An economist said on Thursday that the expected increase was due to the higher price of Brent crude oil.
THE Automobile Association (AA) has forecast more bad news for struggling consumers as it predicts another fuel price increase for next month.
Economist Dawie Roodt said the country should expect an increase in both grades of petrol of at least 35 cents a litre.
“There are two major contributing factors to the expected increase. The first issue is the price of Brent crude oil that has increased by four dollars more for the month of July, which is equivalent to an increase of about 5%.
“On the other hand the rand was stronger. Unfortunately the strengthening of the rand was only about 2% and is the reason we will be seeing a fuel price increase,” said Roodt, adding that consumers should also expect an increase in the diesel price as it was more or less the same as international oil prices.
Professor Bonke Dumisa, an independent economic analyst, said consumers should expect an increase in both petrol and diesel prices.
“The main reason is that the international price of Brent crude oil has increased significantly. It has increased to about 77 dollars per barrel for July, and for the past few days it has been hovering just over 80 dollars per barrel.
“So there definitely will be an increase in the price of petrol. I’m not willing to speculate by how much it will increase. We have noted that the rand has been stronger, but it’s not enough to stop a fuel price increase.”
Dumisa added that this would have a direct impact on the consumer.
“The consumer had some welcome news when the interest rate did not increase last week, and this was due to lower fuel prices and inflation dropping to lower than 6%.
“However, another fuel price will definitely affect inflation, and if this does go up this could be bad news for the consumer as we could then see another interest rate hike in September.
“The other consequence is that we can expect the petrol and diesel prices to filter through and see higher food prices and higher prices of goods.”

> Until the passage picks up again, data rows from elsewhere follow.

lemma greedy_gain_bound:
  assumes t: "t < length ys" and cand: "Ystar - selected t \<subseteq> M - set (take t ys)"
  defines "S \<equiv> selected t" and "g \<equiv> ys ! t"
  shows "\<gamma>1 * (f Ystar - f S) \<le> B / c g * (f (insert g S) - f S + \<epsilon>) + B / cmin * \<epsilon>"
proof -
  define \<Delta> where "\<Delta> = f (insert g S) - f S"
  have gM: "g \<in> M" and SM: "S \<subseteq> M"
    using t set_ys selected_subset unfolding g_def S_def by auto
  have cg: "0 < c g" using cost_pos gM .
  have "f S \<le> f (insert g S)" using SM gM by (intro mono) auto
  then have "0 \<le> \<Delta>" unfolding \<Delta>_def by simp
  have gain: "f (insert y S) - f S \<le> c y * ((\<Delta> + \<epsilon>) / c g) + \<epsilon>" if y: "y \<in> Ystar - S" for y
  proof -
    have yM: "y \<in> M" and cy: "0 < c y" using y opt_subset cost_pos by auto
    have "(fh (insert y S) - fh S) / c y \<le> (fh (insert g S) - fh S) / c g"
      using greedy_pick[OF t] cand y unfolding S_def g_def by blast
    also have "\<dots> \<le> (\<Delta> + \<epsilon>) / c g"
      using fh_diff_le_f_diff[of "insert g S" S] SM gM cg unfolding \<Delta>_def
      by (intro divide_right_mono) auto
    finally have "fh (insert y S) - fh S \<le> c y * ((\<Delta> + \<epsilon>) / c g)"
      using cy by (metis pos_divide_le_eq mult.commute)
    then show ?thesis using f_diff_le_fh_diff[of "insert y S" S] SM yM by auto
  qed
  have "\<gamma>1 * (f Ystar - f S) \<le> \<gamma>1 * (f (Ystar \<union> S) - f S)"
    using mono[of Ystar "Ystar \<union> S"] opt_subset SM gamma1_nonneg by (intro mult_left_mono) auto
  also have "\<dots> \<le> (\<Sum>y\<in>Ystar - S. f (insert y S) - f S)"
    unfolding S_def by (rule gamma1_selected)
  also have "\<dots> \<le> (\<Sum>y\<in>Ystar - S. c y * ((\<Delta> + \<epsilon>) / c g) + \<epsilon>)"
    using gain by (rule sum_mono)
  also have "\<dots> = sum c (Ystar - S) * ((\<Delta> + \<epsilon>) / c g) + card (Ystar - S) * \<epsilon>"
    by (simp add: sum.distrib sum_distrib_right del: times_divide_eq_right)
  also have "\<dots> \<le> B * ((\<Delta> + \<epsilon>) / c g) + B / cmin * \<epsilon>"
  proof (rule add_mono)
    have "sum c (Ystar - S) \<le> sum c Ystar"
      using finite_subset[OF opt_subset finite_M] opt_subset cost_pos
      by (intro sum_mono2) (auto intro: less_imp_le)
    then have "sum c (Ystar - S) \<le> B" using opt_cost by linarith
    then show "sum c (Ystar - S) * ((\<Delta> + \<epsilon>) / c g) \<le> B * ((\<Delta> + \<epsilon>) / c g)"
      using \<open>0 \<le> \<Delta>\<close> eps_nonneg cg by (intro mult_right_mono) auto
    have "real (card (Ystar - S)) \<le> sum c (Ystar - S) / cmin"
      using opt_subset by (intro card_le_cost_div_cmin) auto
    also have "\<dots> \<le> B / cmin"
      using \<open>sum c (Ystar - S) \<le> B\<close> cmin_pos by (intro divide_right_mono) auto
    finally have "real (card (Ystar - S)) \<le> B / cmin" .
    then show "card (Ystar - S) * \<epsilon> \<le> B / cmin * \<epsilon>"
      using eps_nonneg by (intro mult_right_mono)
  qed
  finally show ?thesis unfolding \<Delta>_def by (simp add: mult.commute)
qed

definition gap_invariant :: "'a set \<Rightarrow> bool" where
  "gap_invariant S \<longleftrightarrow>
    f Ystar - f S \<le> exp (- \<gamma>1 * sum c S / B) * f Ystar + \<epsilon> * (card S + sum c S / cmin)"

lemma gap_invariant_step:
  assumes t: "t < length ys" and cand: "Ystar - selected t \<subseteq> M - set (take t ys)"
    and B: "0 < B" and inv: "gap_invariant (selected t)"
  shows "gap_invariant (insert (ys ! t) (selected t))"
proof -
  define S g x where "S = selected t" and "g = ys ! t" and "x = c g / B"
  have gM: "g \<in> M" and SM: "S \<subseteq> M" and gS: "g \<notin> S"
    using t set_ys selected_subset nth_notin_selected unfolding g_def S_def by auto
  have cg: "0 < c g" using cost_pos gM .
  have fin: "finite S" using finite_subset[OF SM finite_M] .
  have F: "0 \<le> f Ystar" using f_nonneg opt_subset .
  have x: "0 \<le> x" using cg B unfolding x_def by simp
  have cS: "0 \<le> sum c S" using SM cost_pos by (intro sum_nonneg) (auto intro: less_imp_le)
  have "f S \<le> f (insert g S)" using SM gM by (intro mono) auto
  have "\<gamma>1 * x * (f Ystar - f S) = x * (\<gamma>1 * (f Ystar - f S))" by simp
  also have "\<dots> \<le> x * (B / c g * (f (insert g S) - f S + \<epsilon>) + B / cmin * \<epsilon>)"
    using greedy_gain_bound[OF t cand] cg B unfolding S_def g_def x_def
    by (intro mult_left_mono) auto
  also have "\<dots> = f (insert g S) - f S + (\<epsilon> + c g / cmin * \<epsilon>)"
    using cg B cmin_pos unfolding x_def by (simp add: field_simps)
  finally have rec: "f Ystar - f S - (f (insert g S) - f S)
      \<le> exp (- (\<gamma>1 * x)) * (exp (- \<gamma>1 * sum c S / B) * f Ystar)
        + \<epsilon> * (card S + sum c S / cmin) + (\<epsilon> + c g / cmin * \<epsilon>)"
    using inv \<open>f S \<le> f (insert g S)\<close> gamma1_nonneg x cS cg F eps_nonneg cmin_pos
    unfolding gap_invariant_def S_def by (intro exp_recurrence_step) auto
  have "- (\<gamma>1 * x) + - \<gamma>1 * sum c S / B = - \<gamma>1 * sum c (insert g S) / B"
    using fin gS B unfolding x_def by (simp add: field_simps)
  then have exp_eq: "exp (- (\<gamma>1 * x)) * (exp (- \<gamma>1 * sum c S / B) * f Ystar)
      = exp (- \<gamma>1 * sum c (insert g S) / B) * f Ystar"
    by (metis exp_add mult.assoc)
  have err_eq: "\<epsilon> * (card S + sum c S / cmin) + (\<epsilon> + c g / cmin * \<epsilon>)
      = \<epsilon> * (card (insert g S) + sum c (insert g S) / cmin)"
    using fin gS by (simp add: algebra_simps add_divide_distrib)
  show ?thesis
    using rec unfolding gap_invariant_def S_def[symmetric] g_def[symmetric] add.assoc exp_eq err_eq
    by simp
qed

definition rejected :: "nat \<Rightarrow> bool" where
  "rejected t \<longleftrightarrow> t < length ys \<and> ys ! t \<in> Ystar \<and> B < c (ys ! t) + sum c (selected t)"

lemma selected_if_not_rejected:
  "t < length ys \<Longrightarrow> ys ! t \<in> Ystar \<Longrightarrow> \<not> rejected t \<Longrightarrow> ys ! t \<in> selected (Suc t)"
  by (simp add: rejected_def selected_Suc)

lemma candidates_before_rejection:
  assumes "\<forall>s<t. \<not> rejected s"
  shows "Ystar - selected t \<subseteq> M - set (take t ys)"
proof
  fix y assume y: "y \<in> Ystar - selected t"
  have "y \<notin> set (take t ys)"
  proof
    assume "y \<in> set (take t ys)"
    then obtain s where s: "s < t" "s < length ys" "ys ! s = y"
      by (auto simp: in_set_conv_nth)
    then have "y \<in> selected (Suc s)"
      using assms y selected_if_not_rejected by blast
    moreover have "selected (Suc s) \<subseteq> selected t"
      using s(1) by (intro selected_mono) simp
    ultimately show False using y by blast
  qed
  then show "y \<in> M - set (take t ys)" using y opt_subset by blast
qed

lemma gap_invariant_before_rejection:
  assumes B: "0 < B" and "t \<le> length ys" and "\<forall>s<t. \<not> rejected s"
  shows "gap_invariant (selected t)"
  using assms(2,3)
proof (induction t)
  case 0
  show ?case by (simp add: gap_invariant_def selected_0 f_empty)
next
  case (Suc t)
  then have t: "t < length ys" and first: "\<forall>s<t. \<not> rejected s" by auto
  have "gap_invariant (selected t)" using Suc.IH t first by simp
  then show ?case
    using gap_invariant_step[OF t candidates_before_rejection[OF first] B] selected_Suc[OF t]
    by auto
qed

lemma opt_subset_added:
  assumes "\<forall>t. \<not> rejected t"
  shows "Ystar \<subseteq> set added"
proof
  fix y assume "y \<in> Ystar"
  moreover obtain t where "t < length ys" "ys ! t = y"
    using \<open>y \<in> Ystar\<close> opt_subset set_ys by (metis in_set_conv_nth subsetD)
  ultimately have "y \<in> selected (Suc t)"
    using selected_if_not_rejected assms by blast
  then show "y \<in> set added" using selected_subset_added by blast
qed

Professor Irrshad Kaseeram, of the University of Zululand’s Economics Department, said the petrol price would go up while diesel was expected to rise by 53 cents a litre.
“This will put pressure on the long haulage industry, which will have some knock-on effect on all commodity and food prices.”
Kaseeram added that oil prices had been on the rise from lower levels three months ago.
“The main reasons are due to tightening supplies as Opec (the Organization of the Petroleum Exporting Countries) indicated. Moreover, China has indicated that it will be demanding more oil to shore up its reserves in anticipation of its economy beginning to take off again since the harsh lockdowns.”
AA spokesperson Layton Beard said that mid-month data indicated ULP95 petrol was showing an increase of about seven cents a litre, while ULP93 was showing a nominal decrease of just over one cent a litre.
“Diesel, however, is again showing significant increases for the second month in a row. The outlook is of an increase of about 48c/l. Illuminating paraffin is also showing an increase of about 47 c/l.”
Beard said the current trajectory indicated that all fuel would be more expensive in August.